[Stored data entries]
+-------+

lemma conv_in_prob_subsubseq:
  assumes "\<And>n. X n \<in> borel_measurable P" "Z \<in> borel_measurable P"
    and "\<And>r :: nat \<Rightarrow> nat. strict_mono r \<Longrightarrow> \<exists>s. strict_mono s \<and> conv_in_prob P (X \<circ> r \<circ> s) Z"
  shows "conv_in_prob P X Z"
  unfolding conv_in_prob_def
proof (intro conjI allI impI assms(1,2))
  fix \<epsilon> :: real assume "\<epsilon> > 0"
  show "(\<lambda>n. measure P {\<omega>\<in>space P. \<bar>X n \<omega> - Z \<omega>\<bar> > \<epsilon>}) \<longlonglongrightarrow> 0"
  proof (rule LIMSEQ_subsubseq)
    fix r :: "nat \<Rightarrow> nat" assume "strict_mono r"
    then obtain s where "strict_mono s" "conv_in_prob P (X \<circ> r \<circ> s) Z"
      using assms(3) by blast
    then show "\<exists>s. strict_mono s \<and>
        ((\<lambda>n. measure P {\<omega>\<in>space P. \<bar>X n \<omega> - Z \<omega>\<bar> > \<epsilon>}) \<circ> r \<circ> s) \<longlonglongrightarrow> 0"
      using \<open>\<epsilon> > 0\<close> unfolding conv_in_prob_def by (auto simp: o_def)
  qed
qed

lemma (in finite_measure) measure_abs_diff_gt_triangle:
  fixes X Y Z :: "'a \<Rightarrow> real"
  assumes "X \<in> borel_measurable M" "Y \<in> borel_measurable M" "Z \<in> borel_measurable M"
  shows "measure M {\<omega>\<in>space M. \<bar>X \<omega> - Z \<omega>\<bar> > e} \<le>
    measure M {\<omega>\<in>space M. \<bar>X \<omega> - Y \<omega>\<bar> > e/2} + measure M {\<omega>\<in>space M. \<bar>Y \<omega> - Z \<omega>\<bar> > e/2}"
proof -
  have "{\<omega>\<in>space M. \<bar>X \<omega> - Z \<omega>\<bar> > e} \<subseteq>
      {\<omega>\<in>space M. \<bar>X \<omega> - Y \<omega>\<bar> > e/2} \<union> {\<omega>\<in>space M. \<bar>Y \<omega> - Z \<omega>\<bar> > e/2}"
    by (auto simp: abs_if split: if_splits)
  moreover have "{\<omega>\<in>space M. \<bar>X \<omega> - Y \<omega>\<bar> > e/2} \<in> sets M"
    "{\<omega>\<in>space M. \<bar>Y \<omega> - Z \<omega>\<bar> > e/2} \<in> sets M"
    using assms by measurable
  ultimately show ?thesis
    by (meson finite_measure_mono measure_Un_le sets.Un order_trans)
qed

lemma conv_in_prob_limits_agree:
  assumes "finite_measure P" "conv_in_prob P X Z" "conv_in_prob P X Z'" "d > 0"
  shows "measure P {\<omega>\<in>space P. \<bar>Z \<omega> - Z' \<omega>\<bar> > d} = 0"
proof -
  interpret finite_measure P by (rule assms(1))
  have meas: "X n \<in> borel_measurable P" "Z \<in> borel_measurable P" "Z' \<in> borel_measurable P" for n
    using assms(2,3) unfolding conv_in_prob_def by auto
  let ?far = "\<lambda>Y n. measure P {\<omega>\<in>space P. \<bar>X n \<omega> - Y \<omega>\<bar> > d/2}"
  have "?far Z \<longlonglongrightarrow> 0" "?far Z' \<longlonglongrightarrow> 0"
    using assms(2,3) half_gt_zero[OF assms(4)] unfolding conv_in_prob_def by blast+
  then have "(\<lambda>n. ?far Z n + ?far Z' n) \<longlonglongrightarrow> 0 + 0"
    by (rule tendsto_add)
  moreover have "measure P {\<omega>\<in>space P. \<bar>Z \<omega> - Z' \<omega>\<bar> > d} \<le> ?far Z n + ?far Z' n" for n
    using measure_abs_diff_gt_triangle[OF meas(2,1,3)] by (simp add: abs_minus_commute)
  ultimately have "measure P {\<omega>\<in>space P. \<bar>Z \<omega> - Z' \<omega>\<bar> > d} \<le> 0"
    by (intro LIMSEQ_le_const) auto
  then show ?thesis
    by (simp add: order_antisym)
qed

+-------+

§ Work instruction: Please quote exactly the lines from the one containing "n \<omega> - Y" through the last line of the records above, both included, and nothing else.

§ Exercise output:
  let ?far = "\<lambda>Y n. measure P {\<omega>\<in>space P. \<bar>X n \<omega> - Y \<omega>\<bar> > d/2}"
  have "?far Z \<longlonglongrightarrow> 0" "?far Z' \<longlonglongrightarrow> 0"
    using assms(2,3) half_gt_zero[OF assms(4)] unfolding conv_in_prob_def by blast+
  then have "(\<lambda>n. ?far Z n + ?far Z' n) \<longlonglongrightarrow> 0 + 0"
    by (rule tendsto_add)
  moreover have "measure P {\<omega>\<in>space P. \<bar>Z \<omega> - Z' \<omega>\<bar> > d} \<le> ?far Z n + ?far Z' n" for n
    using measure_abs_diff_gt_triangle[OF meas(2,1,3)] by (simp add: abs_minus_commute)
  ultimately have "measure P {\<omega>\<in>space P. \<bar>Z \<omega> - Z' \<omega>\<bar> > d} \<le> 0"
    by (intro LIMSEQ_le_const) auto
  then show ?thesis
    by (simp add: order_antisym)
qed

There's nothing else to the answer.